Multicategory list to one_hot array? [solved]

I’m working on a multi-class labeling task and am doing batch prediction on held out test data for which I have labels, along these lines:

inflearn = load_learner(test=testdata.valid_ds.x)
preds,y = inflearn.get_preds(ds_type=DatasetType.Test)

Unfortunately, y is not an array of one-hot encoded categories of the same shape as preds, which would be easier to work with.

The corresponding mult-category labels in testdata.valid_ds.y are a MultiCategoryList, which doesn’t seem to have a method for converting its items into an array that can serve as truth to compare against the preds.

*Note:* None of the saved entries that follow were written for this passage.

text \<open>It combines the tangent inequalities of concave Psi and convex Phi, the data
  processing inequality Phi(a') \<le> Psi(b') and complementary slackness.\<close>
lemma multiplier_gap:
  fixes PS :: "'s::finite \<Rightarrow> real" and PYX :: "'x::finite \<Rightarrow> 'y::finite \<Rightarrow> real"
    and a a' :: "'s \<Rightarrow> 'h::finite \<Rightarrow> real" and b b' :: "'x \<Rightarrow> real"
  assumes fd: "\<And>z. z > 0 \<Longrightarrow> (f has_real_derivative f' z) (at z)"
    and sad: "saddle_property f" and PSpos: "\<forall>s. 0 < PS s"
    and K: "is_kernel PYX" and Ppos: "\<forall>x y. 0 < PYX x y"
    and apos: "\<forall>s h. 0 < a s h" and a'pos: "\<forall>s h. 0 < a' s h"
    and bm: "is_pmf b" and b'm: "is_pmf b'" and dpi: "Phi PS f a' \<le> Psi PYX f b'"
    and lam: "0 \<le> lam" and compl: "lam * (Psi PYX f b - Phi PS f a) = 0"
  shows "lam * ((\<Sum>x\<in>UNIV. b x * dPsi PYX f b x) - (\<Sum>s\<in>UNIV. \<Sum>h\<in>UNIV. a s h * dPhi PS f a s h))
       \<le> lam * ((\<Sum>x\<in>UNIV. b' x * dPsi PYX f b x) - (\<Sum>s\<in>UNIV. \<Sum>h\<in>UNIV. a' s h * dPhi PS f a s h))"
proof -
  have cv: "convex_on {0<..} f" using sad by (simp add: saddle_property_def)
  define G where "G a0 b0 = (\<Sum>x\<in>UNIV. b0 x * dPsi PYX f b x) - (\<Sum>s\<in>UNIV. \<Sum>h\<in>UNIV. a0 s h * dPhi PS f a s h)"
    for a0 :: "'s \<Rightarrow> 'h \<Rightarrow> real" and b0 :: "'x \<Rightarrow> real"
  have "G a' b' - G a b = (\<Sum>x\<in>UNIV. (b' x - b x) * dPsi PYX f b x)
       - (\<Sum>s\<in>UNIV. \<Sum>h\<in>UNIV. (a' s h - a s h) * dPhi PS f a s h)"
    by (simp add: G_def left_diff_distrib sum_subtractf)
  also have "\<dots> \<ge> Phi PS f a - Psi PYX f b"
    using Psi_tangent[OF fd sad K Ppos bm b'm] Phi_tangent[OF fd cv PSpos apos a'pos] dpi by linarith
  finally have "lam * (Phi PS f a - Psi PYX f b) \<le> lam * (G a' b' - G a b)"
    using lam by (rule mult_left_mono)
  moreover have "lam * (Phi PS f a - Psi PYX f b) = - (lam * (Psi PYX f b - Phi PS f a))"
    by (simp add: algebra_simps)
  ultimately have "lam * G a b \<le> lam * G a' b'"
    using compl right_diff_distrib[of lam "G a' b'" "G a b"] by linarith
  then show ?thesis by (simp only: G_def)
qed

lemma cost_le_at_positive_channel:
  fixes PS :: "'s::finite \<Rightarrow> real" and PYX :: "'x::finite \<Rightarrow> 'y::finite \<Rightarrow> real"
    and A A' :: "'s \<Rightarrow> 'x \<Rightarrow> real" and B B' :: "'y \<Rightarrow> 'h::finite \<Rightarrow> real"
  assumes fd: "\<And>z. z > 0 \<Longrightarrow> (f has_real_derivative f' z) (at z)"
    and sad: "saddle_property f" and PS: "is_pmf PS" and PSpos: "\<forall>s. 0 < PS s"
    and K: "is_kernel PYX" and Ppos: "\<forall>x y. 0 < PYX x y"
    and AK: "is_kernel A" and BK: "is_kernel B" and A'K: "is_kernel A'" and B'K: "is_kernel B'"
    and a: "a = induced_channel PYX A B" and b: "b = input_marginal PS A"
    and apos: "\<forall>s h. 0 < a s h" and a'pos: "\<forall>s h. 0 < induced_channel PYX A' B' s h"
    and lam: "0 \<le> lam" and compl: "lam * (Psi PYX f b - Phi PS f a) = 0"
    and nub: "\<forall>x. 0 \<le> nub x" and nub_b: "(\<Sum>x\<in>UNIV. nub x * b x) = 0"
    and \<delta>: "\<delta> = (\<lambda>s h. - (lam / PS s) * dPhi PS f a s h + mua s)"
    and \<rho>: "\<rho> = (\<lambda>x. lam * dPsi PYX f b x + mub + nub x)"
  shows "cost \<delta> \<rho> (cascade_joint PS A PYX B) \<le> cost \<delta> \<rho> (cascade_joint PS A' PYX B')"
proof -
  define a' where "a' = induced_channel PYX A' B'"
  define b' where "b' = input_marginal PS A'"
  have b'm: "is_pmf b'" and bm: "is_pmf b"
    unfolding b'_def b using PS AK A'K by (simp_all add: input_marginal_pmf)
  have a'1: "(\<Sum>h\<in>UNIV. a' s h) = 1" and a1: "(\<Sum>h\<in>UNIV. a s h) = 1" for s
    using induced_channel_kernel[OF A'K K B'K] induced_channel_kernel[OF AK K BK]
    by (simp_all add: a'_def a is_kernel_def is_pmf_def)
  have "Phi PS f a' \<le> Psi PYX f b'"
    unfolding a'_def b'_def using sad PSpos Ppos A'K B'K a'pos
    by (intro data_processing) (simp_all add: saddle_property_def)
  then have gap: "lam * ((\<Sum>x\<in>UNIV. b x * dPsi PYX f b x) - (\<Sum>s\<in>UNIV. \<Sum>h\<in>UNIV. a s h * dPhi PS f a s h))
       \<le> lam * ((\<Sum>x\<in>UNIV. b' x * dPsi PYX f b x) - (\<Sum>s\<in>UNIV. \<Sum>h\<in>UNIV. a' s h * dPhi PS f a s h))"
    using multiplier_gap[OF fd sad PSpos K Ppos apos _ bm b'm _ lam compl] a'pos by (simp add: a'_def)
  have "0 \<le> (\<Sum>x\<in>UNIV. nub x * b' x)"
    using nub b'm by (auto simp: is_pmf_def intro!: sum_nonneg)
  moreover have cost_eq: "cost \<delta> \<rho> (cascade_joint PS A2 PYX B2)
      = lam * ((\<Sum>x\<in>UNIV. b2 x * dPsi PYX f b x) - (\<Sum>s\<in>UNIV. \<Sum>h\<in>UNIV. a2 s h * dPhi PS f a s h))
        + (\<Sum>s\<in>UNIV. PS s * mua s) + mub + (\<Sum>x\<in>UNIV. nub x * b2 x)"
    if "is_kernel B2" "a2 = induced_channel PYX A2 B2" "b2 = input_marginal PS A2"
      "\<And>s. (\<Sum>h\<in>UNIV. a2 s h) = 1" "is_pmf b2" for A2 B2 a2 b2
    unfolding cost_via_marginals marg_SH_cascade marg_X_cascade[OF K that(1)] that(2,3)[symmetric] \<delta> \<rho>
    by (rule cost_multiplier_form[OF PSpos that(4)]) (use that(5) in \<open>simp add: is_pmf_def\<close>)
  ultimately show ?thesis
    using gap nub_b cost_eq[OF BK a b a1 bm] cost_eq[OF B'K a'_def b'_def a'1 b'm] by linarith
qed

I don’t see this common use case addressed in the docs. I’m sure I can cobble something together, but wonder if there’s a better, preferably built-in approach, or if anyone has advice on how to proceed.


1 Like

There’s undoubtedly cleaner numpy code for this, but here’s a solution, where mcl_y is a MultiCategoryList target variable y:

def convert_mcl_y_to_onehot(mcl_y):
    res = np.zeros((len(mcl_y.items), mcl_y.c))
    for rowi, idx_list in enumerate(mcl_y.items):
        for classidx in idx_list: res[rowi, classidx] = 1
    return res

I too am working on a Multiclass problem. My labels are of the form
array([0., 0., 0., 0., 0., 0.], dtype=float32) . When I create an ImageList, the y value is truncated to the first two values of the label array.
How can we prevent this from happening?